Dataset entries
(* Assume that every intermediary $i\in\mathcal V$ satisfies $\sum_{j\in\delta_{\mathrm{in}}(i)}w_{ij}r_j\ge r_i$. Then for all $t\in\mathbb N$, $$\mathbf m^t\le\mathbf m^{t+1}\quad\text{and}\quad \mathbb E[\mathcal L(\mathbf X^t)]\le\mathbb E[\mathcal L(\mathbf X^{t+1})],$$ and consequently $\mathbf m\ge\mathbf r$ and $\mathbb E[\mathcal L(\mathbf X^\infty)]\ge\mathbb E[\mathcal L(\mathbf X^0)]$. Moreover, for every intermediary $i$, if $\alpha_i$ is regarded as a variable in $(0,1)$ with all other parameters fixed, then $\mathbf m$ is differentiable in $\alpha_i$ and $$\frac{\partial\mathbf m}{\partial\alpha_i}=(\mathbf I-\mathbf A\mathbf W)^{-1}\,\mathbf e_i\mathbf e_i^\top\,\big[\mathbf W\mathbf m-\mathbf r\big]\ \ge\ \mathbf 0,$$ where $\mathbf e_i$ is the $i$-th standard basis vector (so $\mathbf e_i\mathbf e_i^\top=\partial\mathbf A/\partial\alpha_i$).
   Context: A contractor network is a finite directed graph $G=(\mathcal V,\mathcal E)$ with $n=|\mathcal V|$ nodes, without multiple edges (self-loops and directed cycles allowed), in which every node has at least one incident edge. For $i\in\mathcal V$ let $\delta_{\mathrm{in}}(i)=\{j:(j,i)\in\mathcal E\}$ and $\delta_{\mathrm{out}}(i)=\{k:(i,k)\in\mathcal E\}$. A node $i$ is a pure principal if $\delta_{\mathrm{in}}(i)=\emptyset$, a pure obligee if $\delta_{\mathrm{out}}(i)=\emptyset$, and an intermediary otherwise. Each edge $(j,i)\in\mathcal E$ carries a weight $w_{ij}>0$; $w_{ij}=0$ if $(j,i)\notin\mathcal E$; for every $i$ with $\delta_{\mathrm{in}}(i)\neq\emptyset$, $\sum_{j\in\delta_{\mathrm{in}}(i)}w_{ij}=1$; $\mathbf W=(w_{ij})$. Risk scores: $r_i\in(0,1)$ if $i$ is not a pure obligee and $r_i=0$ for pure obligees; $\mathbf r=(r_i)$. Propagation parameters: $\alpha_i=0$ for pure principals, $\alpha_i=1$ for pure obligees, $\alpha_i\in(0,1)$ for intermediaries; $\mathbf A=\mathrm{diag}(\alpha_i)$. Failure process $(\mathbf X^t)_{t\in\mathbb N}$ on $\{0,1\}^n$: the $X_i^0$ are independent $\mathrm{Bernoulli}(r_i)$; for $t\ge0$, conditionally on $(\mathbf X^0,\dots,\mathbf X^t)$ the $X_i^{t+1}$ are independent with $X_i^{t+1}\sim\mathrm{Bernoulli}\big((1-\alpha_i)r_i+\alpha_i\sum_{j\in\delta_{\mathrm{in}}(i)}w_{ij}X_j^t\big)$. $m_i^t=\mathbb E[X_i^t]$, $\mathbf m^t=(m_i^t)$, and $\mathbf m=\lim_t\mathbf m^t$, which exists and equals $(\mathbf I-\mathbf A\mathbf W)^{-1}(\mathbf I-\mathbf A)\mathbf r$ (with $\mathbf I-\mathbf A\mathbf W$ invertible). Losses: $\beta_i\ge0$ for each node, with $\beta_i=0$ for pure obligees; $\mathcal L(\mathbf x)=\sum_i\beta_ix_i=\beta^\top\mathbf x$, and $\mathbb E[\mathcal L(\mathbf X^\infty)]:=\lim_{t\to\infty}\mathbb E[\mathcal L(\mathbf X^t)]=\beta^\top\mathbf m$. Vector inequalities are entrywise. *)

theory Defs
  imports "HOL-Analysis.Analysis" "HOL-Probability.Probability"
begin
lemma integral_cis_convergent_at_top:
  fixes \<phi> \<phi>' \<phi>'' :: "real \<Rightarrow> real"
  assumes d1: "\<And>x. (\<phi> has_real_derivative \<phi>' x) (at x)"
    and d2: "\<And>x. (\<phi>' has_real_derivative \<phi>'' x) (at x)"
    and convex: "\<And>x. R\<^sub>0 \<le> x \<Longrightarrow> 0 \<le> \<phi>'' x"
    and lim: "filterlim \<phi>' at_top at_top"
  shows "\<exists>L. ((\<lambda>B. integral {0..B} (\<lambda>x. cis (\<phi> x))) \<longlongrightarrow> L) at_top"
proof (rule Cauchy_at_top_imp_convergent)
  fix e :: real assume e: "e > 0"
  obtain N where N: "\<And>x. N \<le> x \<Longrightarrow> 8 / e \<le> \<phi>' x"
    using lim unfolding filterlim_at_top eventually_at_top_linorder by blast
  define R where "R = max N (max R\<^sub>0 0)"
  have int: "(\<lambda>x. cis (\<phi> x)) integrable_on {a..b}" for a b
    using d1 by (intro integrable_continuous_interval continuous_intros)
      (meson DERIV_isCont continuous_at_imp_continuous_on)
  have tail: "norm (integral {x..y} (\<lambda>x. cis (\<phi> x))) \<le> 4 / (8 / e)" if "R \<le> x" "x \<le> y" for x y
  proof (rule van_der_corput_first_derivative[OF that(2) d1 d2])
    show "0 \<le> \<phi>'' z" if "z \<in> {x..y}" for z
      using convex \<open>R \<le> x\<close> that unfolding R_def by auto
    show "8 / e \<le> \<bar>\<phi>' z\<bar>" if "z \<in> {x..y}" for z
      using N[of z] \<open>R \<le> x\<close> that unfolding R_def by auto
  qed (use e in simp)
  have "dist (integral {0..x} (\<lambda>x. cis (\<phi> x))) (integral {0..y} (\<lambda>x. cis (\<phi> x))) < e"
    if "R \<le> x" "x \<le> y" for x y
  proof -
    have "integral {0..y} (\<lambda>x. cis (\<phi> x)) = integral {0..x} (\<lambda>x. cis (\<phi> x)) + integral {x..y} (\<lambda>x. cis (\<phi> x))"
      using Henstock_Kurzweil_Integration.integral_combine[OF _ that(2) int, of 0] that
      unfolding R_def by simp
    then show ?thesis using tail[OF that] e by (simp add: dist_norm norm_minus_commute)
  qed
  then show "\<exists>R. \<forall>x y. R \<le> x \<longrightarrow> x \<le> y \<longrightarrow>
      dist (integral {0..x} (\<lambda>x. cis (\<phi> x))) (integral {0..y} (\<lambda>x. cis (\<phi> x))) < e"
    by blast
qed

lemma has_improper_integral_R_from_halves:
  fixes f :: "real \<Rightarrow> complex"
  assumes int: "\<And>a b. f integrable_on {a..b}"
    and pos: "((\<lambda>B. integral {0..B} f) \<longlongrightarrow> L\<^sub>p) at_top"
    and neg: "((\<lambda>B. integral {0..B} (\<lambda>x. f (- x))) \<longlongrightarrow> L\<^sub>n) at_top"
  shows "has_improper_integral_R f (L\<^sub>n + L\<^sub>p)"
proof -
  have split: "integral {0..-a} (\<lambda>x. f (- x)) + integral {0..b} f = integral {a..b} f"
    if "a \<le> 0" "0 \<le> b" for a b
    using Henstock_Kurzweil_Integration.integral_combine[OF that int]
      Henstock_Kurzweil_Integration.integral_reflect_real[of 0 a f] by simp
  have "((\<lambda>p. integral {0..-fst p} (\<lambda>x. f (- x)) + integral {0..snd p} f) \<longlongrightarrow> L\<^sub>n + L\<^sub>p)
      (at_bot \<times>\<^sub>F at_top)"
    by (intro tendsto_add filterlim_compose[OF neg filterlim_compose[OF filterlim_uminus_at_top_at_bot filterlim_fst]]
        filterlim_compose[OF pos filterlim_snd])
  moreover have "eventually (\<lambda>p. integral {0..-fst p} (\<lambda>x. f (- x)) + integral {0..snd p} f
      = integral {fst p..snd p} f) (at_bot \<times>\<^sub>F at_top)"
    unfolding eventually_prod_filter
  proof (intro exI conjI)
    show "eventually (\<lambda>a::real. a \<le> 0) at_bot" by (rule eventually_le_at_bot)
    show "eventually (\<lambda>b::real. 0 \<le> b) at_top" by (rule eventually_ge_at_top)
  qed (simp add: split)
  ultimately have "((\<lambda>p. integral {fst p..snd p} f) \<longlongrightarrow> L\<^sub>n + L\<^sub>p) (at_bot \<times>\<^sub>F at_top)"
    by (rule Lim_transform_eventually)
  then show ?thesis unfolding has_improper_integral_R_def case_prod_beta using int by blast
qed

section \<open>The phase\<close>

definition quartic :: "real \<Rightarrow> real \<Rightarrow> real" where
  "quartic \<beta> x = 1 - \<beta> * x\<^sup>2 + x ^ 4"

definition cubic :: "real \<Rightarrow> real \<Rightarrow> real" where
  "cubic \<beta> y = - 3 * \<beta> + (2 * \<beta>\<^sup>2 + 10) * y - 9 * \<beta> * y\<^sup>2 + 6 * y ^ 3"

definition half_phase :: "real \<Rightarrow> real \<Rightarrow> real" where
  "half_phase \<beta> x = x * sqrt (quartic \<beta> x)"
definition vDF_bar :: "('a \<Rightarrow> real) set \<Rightarrow> ('a \<Rightarrow> ereal) \<Rightarrow> ('a \<Rightarrow> ereal) \<Rightarrow> 'a set \<Rightarrow> ereal" where
  "vDF_bar Xs f g A = (INF u\<in>dom_W Xs (c_conj Xs g). SUP z\<in>Zset Xs. phi_F Xs f g A u z)"

end

theory Submission
  imports Defs
begin

text \<open>The inequality between the two dual values is the general max-min inequality. For the
  other one, fix a feasible x and \<open>\<epsilon> > 0\<close>. Separating \<open>(x, g x - \<epsilon>)\<close> from the epigraph
  of the e-convex function g gives a non-vertical hyperplane, i.e. some \<open>u\<^sup>* \<in> X\<^sup>*\<close> with
  \<open>u\<^sup>* y - g y < u\<^sup>* x - g x + \<epsilon>\<close> for all y. Hence \<open>(u\<^sup>*, 0, 1) \<in> dom g\<^sup>c\<close> with
  \<open>g\<^sup>c(u\<^sup>*, 0, 1) \<le> u\<^sup>* x - g x + \<epsilon>\<close>, while evaluating the conjugates of f and \<open>\<delta>\<^sub>A\<close> at x
  bounds \<open>\<phi>(u\<^sup>*, 0, 1; z)\<close> by \<open>g\<^sup>c(u\<^sup>*, 0, 1) - u\<^sup>* x + f x \<le> f x - g x + \<epsilon>\<close> for every z.\<close>

lemma ladd_mono:
  fixes a b a' b' :: ereal
  assumes "a \<le> a'" "b \<le> b'"
  shows "ladd a b \<le> ladd a' b'"
proof (cases "(a' = \<infinity> \<and> b' = -\<infinity>) \<or> (a' = -\<infinity> \<and> b' = \<infinity>)")
  case True
  then have "a = -\<infinity> \<or> b = -\<infinity>" using assms by auto
  then have "ladd a b = -\<infinity>" by (cases a; cases b; auto simp: ladd_def)
  then show ?thesis by simp
next
  case False
  then have "ladd a' b' = a' + b'" by (simp add: ladd_def)
  moreover have "ladd a b \<le> a + b" by (auto simp: ladd_def)
  ultimately show ?thesis using add_mono[OF assms] by simp
qed

lemma lminus_mono:
  fixes a b a' b' :: ereal
  assumes "a \<le> a'" "b' \<le> b"
  shows "lminus a b \<le> lminus a' b'"
  unfolding lminus_def using assms by (intro ladd_mono) auto

lemma lminus_infinity_right [simp]: "lminus a \<infinity> = -\<infinity>"
  by (cases a) (auto simp: lminus_def ladd_def)

lemma lminus_minus_infinity_left [simp]: "lminus (-\<infinity>) b = -\<infinity>"
  by (cases b) (auto simp: lminus_def ladd_def)

lemma lminus_ereal [simp]: "lminus (ereal a) (ereal b) = ereal (a - b)"
  by (simp add: lminus_def ladd_def)

lemma lminus_lminus_ereal: "lminus (lminus a (ereal b)) (ereal c) = lminus a (ereal (b + c))"
  by (cases a) (auto simp: lminus_def ladd_def)

lemma SUP_INF_le_INF_SUP:
  fixes \<phi> :: "'u \<Rightarrow> 'z \<Rightarrow> 'b::complete_lattice"
  shows "(SUP z\<in>Z. INF u\<in>U. \<phi> u z) \<le> (INF u\<in>U. SUP z\<in>Z. \<phi> u z)"
  by (rule SUP_least, rule INF_greatest) (meson INF_lower SUP_upper order_trans)

lemma c_conj_upper: "lminus (coupling x w) (h x) \<le> c_conj Xs h w"
  unfolding c_conj_def by (rule SUP_upper) simp

lemma phi_F_le_at_feasible_point:
  assumes "x \<in> A" and "f x = ereal fx"
  shows "phi_F Xs f g A (us, vs, \<gamma>) z \<le> lminus (c_conj Xs g (us, vs, \<gamma>)) (ereal (us x - fx))"
proof -
  obtain zx zy \<alpha> where z: "z = (zx, zy, \<alpha>)" by (cases z) auto
  define G where "G = c_conj Xs g (us, vs, \<gamma>)"
  define F where "F = c_conj Xs f (\<lambda>y. us y - zx y, \<lambda>y. - zy y, \<alpha>)"
  define D where "D = c_conj Xs (indicator_ereal A) (zx, zy, \<alpha>)"
  have phi: "phi_F Xs f g A (us, vs, \<gamma>) z = lminus (lminus G F) D"
    by (simp add: phi_F_def z G_def F_def D_def)
  have F_ge: "lminus (coupling x (\<lambda>y. us y - zx y, \<lambda>y. - zy y, \<alpha>)) (f x) \<le> F"
    and D_ge: "lminus (coupling x (zx, zy, \<alpha>)) (indicator_ereal A x) \<le> D"
    unfolding F_def D_def by (rule c_conj_upper)+
  consider "\<not> - zy x < \<alpha>" | "\<not> zy x < \<alpha>" | "- zy x < \<alpha>" "zy x < \<alpha>" by blast
  then show ?thesis
  proof cases
    case 1
    then have "F = \<infinity>" using F_ge by (simp add: coupling_def assms lminus_def ladd_def)
    then show ?thesis by (simp add: phi)
  next
    case 2
    then have "D = \<infinity>"
      using D_ge by (simp add: coupling_def assms indicator_ereal_def lminus_def ladd_def)
    then show ?thesis by (simp add: phi)
  next
    case 3
    then have "ereal (us x - zx x - fx) \<le> F" and "ereal (zx x) \<le> D"
      using F_ge D_ge by (simp_all add: coupling_def assms indicator_ereal_def zero_ereal_def)
    then have "lminus (lminus G F) D \<le> lminus (lminus G (ereal (us x - zx x - fx))) (ereal (zx x))"
      by (intro lminus_mono) auto
    then show ?thesis by (simp add: phi lminus_lminus_ereal G_def)
  qed
qed

text \<open>The separating functional has a negative \<open>\<real>\<close>-component s because the separated point
  lies directly below \<open>(x, g x)\<close>; dividing by \<open>-s\<close> yields the minorant.\<close>

lemma e_convex_approximate_subgradient:
  assumes "dual_pair Xs" and "e_convex_fun Xs g"
    and "g x = ereal gx" and "0 < \<epsilon>"
  obtains us where "us \<in> Xs" "\<And>y gy. g y = ereal gy \<Longrightarrow> us y - gy < us x - gx + \<epsilon>"
proof -
  define r0 where "r0 = gx - \<epsilon>"
  have "(x, r0) \<notin> epi g" using assms(4) by (simp add: epi_def assms(3) r0_def)
  then obtain xs s where xs: "xs \<in> Xs"
    and sep: "\<And>y r. (y, r) \<in> epi g \<Longrightarrow> xs (y - x) + s * (r - r0) < 0"
    using assms(2) unfolding e_convex_fun_def by blast
  have lin: "linear xs" using assms(1) xs by (auto simp: dual_pair_def)
  have "(x, gx) \<in> epi g" by (simp add: epi_def assms(3))
  from sep[OF this] have "s * \<epsilon> < 0" by (simp add: linear_0[OF lin] r0_def)
  with assms(4) have s: "s < 0" by (simp add: mult_less_0_iff)
  show ?thesis
  proof
    show "(\<lambda>y. (-1/s) * xs y) \<in> Xs" using assms(1) xs unfolding dual_pair_def by blast
  next
    fix y gy assume "g y = ereal gy"
    then have "(y, gy) \<in> epi g" by (simp add: epi_def)
    from sep[OF this] have "xs y - xs x + s * (gy - r0) < 0" by (simp add: linear_diff[OF lin])
    with s have "(xs y - xs x) / (-s) < gy - r0" by (simp add: field_simps)
    moreover have "(-1/s) * xs y - (-1/s) * xs x = (xs y - xs x) / (-s)"
      by (simp add: diff_divide_distrib)
    ultimately show "(-1/s) * xs y - gy < (-1/s) * xs x - gx + \<epsilon>"
      by (simp add: r0_def)
  qed
qed

lemma c_conj_le_of_affine_minorant:
  assumes "\<And>y. g y \<noteq> -\<infinity>" and "\<And>y gy. g y = ereal gy \<Longrightarrow> us y - gy \<le> c"
  shows "c_conj Xs g (us, \<lambda>y. 0, 1) \<le> ereal c"
  unfolding c_conj_def
proof (rule SUP_least)
  fix y
  show "lminus (coupling y (us, \<lambda>y. 0, 1)) (g y) \<le> ereal c"
    using assms by (cases "g y") (auto simp: coupling_def)
qed

lemma vDF_bar_le_vP:
  assumes "dual_pair Xs" and "proper_fun f" and "proper_fun g" and "edom f \<subseteq> edom g"
    and "e_convex_fun Xs g"
  shows "vDF_bar Xs f g A \<le> vP f g A"
  unfolding vP_def
proof (rule INF_greatest)
  fix x
  have f_fin: "f x \<noteq> -\<infinity>" and g_fin: "\<And>y. g y \<noteq> -\<infinity>"
    using assms(2,3) by (auto simp: proper_fun_def)
  have g_x: "f x < \<infinity> \<Longrightarrow> g x < \<infinity>" using assms(4) by (auto simp: edom_def)
  show "vDF_bar Xs f g A \<le> f x - g x + indicator_ereal A x"
  proof (cases "x \<in> A \<and> f x < \<infinity>")
    case False
    have "f x - g x \<noteq> -\<infinity>" using f_fin g_fin[of x] g_x by (cases "f x"; cases "g x") auto
    with False have infinite: "f x - g x + indicator_ereal A x = \<infinity>"
      by (cases "f x - g x") (auto simp: indicator_ereal_def)
    show ?thesis unfolding infinite by simp
  next
    case True
    then have xA: "x \<in> A" by blast
    obtain fx gx where fx: "f x = ereal fx" and gx: "g x = ereal gx"
      using True f_fin g_fin[of x] g_x by (cases "f x"; cases "g x") auto
    show ?thesis
    proof (rule ereal_le_epsilon2)
      fix \<epsilon> :: real assume "0 < \<epsilon>"
      with assms(1,5) gx obtain us where us: "us \<in> Xs"
        and minorant: "\<And>y gy. g y = ereal gy \<Longrightarrow> us y - gy < us x - gx + \<epsilon>"
        by (metis e_convex_approximate_subgradient)
      define u where "u = (us, \<lambda>y::'a. 0::real, 1::real)"
      have G_le: "c_conj Xs g u \<le> ereal (us x - gx + \<epsilon>)"
        unfolding u_def using g_fin minorant by (intro c_conj_le_of_affine_minorant less_imp_le)
      have "u \<in> dom_W Xs (c_conj Xs g)"
        using us assms(1) G_le by (auto simp: dom_W_def Wset_def dual_pair_def u_def)
      then have "vDF_bar Xs f g A \<le> (SUP z\<in>Zset Xs. phi_F Xs f g A u z)"
        unfolding vDF_bar_def by (rule INF_lower)
      also have "\<dots> \<le> lminus (c_conj Xs g u) (ereal (us x - fx))"
        unfolding u_def by (rule SUP_least, rule phi_F_le_at_feasible_point[where f = f, OF xA fx])
      also have "\<dots> \<le> lminus (ereal (us x - gx + \<epsilon>)) (ereal (us x - fx))"
        using G_le by (rule lminus_mono) simp
      finally show "vDF_bar Xs f g A \<le> f x - g x + indicator_ereal A x + ereal \<epsilon>"
        by (simp add: fx gx xA indicator_ereal_def add.commute add.left_commute)
    qed
  qed
qed
(* Let $a$ be a real number with $|a|<1$, let $n$ be a real number and $i$ a nonnegative integer, and put $\Theta(\varphi)=\dfrac{1+a^2-2a\cos\varphi}{1-a^2}$. Then $$\binom{n}{i}\int_0^{\pi}\frac{\cos(i\varphi)}{\Theta(\varphi)^{n+1}}\,d\varphi=\binom{-n-1}{i}\int_0^{\pi}\Theta(\varphi)^{n}\cos(i\varphi)\,d\varphi .$$
   Context: For a real number $m$ and a nonnegative integer $k$, $\binom{m}{k}=\frac{m(m-1)\cdots(m-k+1)}{k!}$ is the coefficient of $v^k$ in the binomial expansion of $(1+v)^m$. *)

theory Defs
  imports "HOL-Analysis.Analysis"
begin

definition Theta :: "real \<Rightarrow> real \<Rightarrow> real" where
  "Theta a \<phi> = (1 + a^2 - 2 * a * cos \<phi>) / (1 - a^2)"

end

(*
  Write Theta a = c - b cos with c^2 - b^2 = 1 and let J p j be the j-th cosine moment of
  (c - b cos)^p on [0, pi]. Integrating the derivative of (c - b cos)^(p+1) sin ((j+1) phi) gives a
  three-term recurrence in j. Multiplied by binomial coefficients, the sequences
  (x gchoose j) * J (-x-1) j satisfy a recurrence whose coefficients are invariant under
  x |-> -x-1, so the identity reduces to j = 0 and j = 1. These follow from the substitution
  cos psi = (c cos x + b) / (c + b cos x), which carries (c - b cos psi)^(-x-1) d psi to
  (c + b cos x)^x dx, followed by the reflection x |-> pi - x.
*)

theory Submission
  imports Defs
begin

definition cos_moment :: "real \<Rightarrow> real \<Rightarrow> real \<Rightarrow> nat \<Rightarrow> real" where
  "cos_moment c b p j = integral {0..pi} (\<lambda>\<phi>. (c - b * cos \<phi>) powr p * cos (real j * \<phi>))"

### [ACTIVITY]
Find each line of the data above that holds the word "True", then copy it.

### [REPLY TO THE TASK]
  case True
    case True
      using True f_fin g_fin[of x] g_x by (cases "f x"; cases "g x") auto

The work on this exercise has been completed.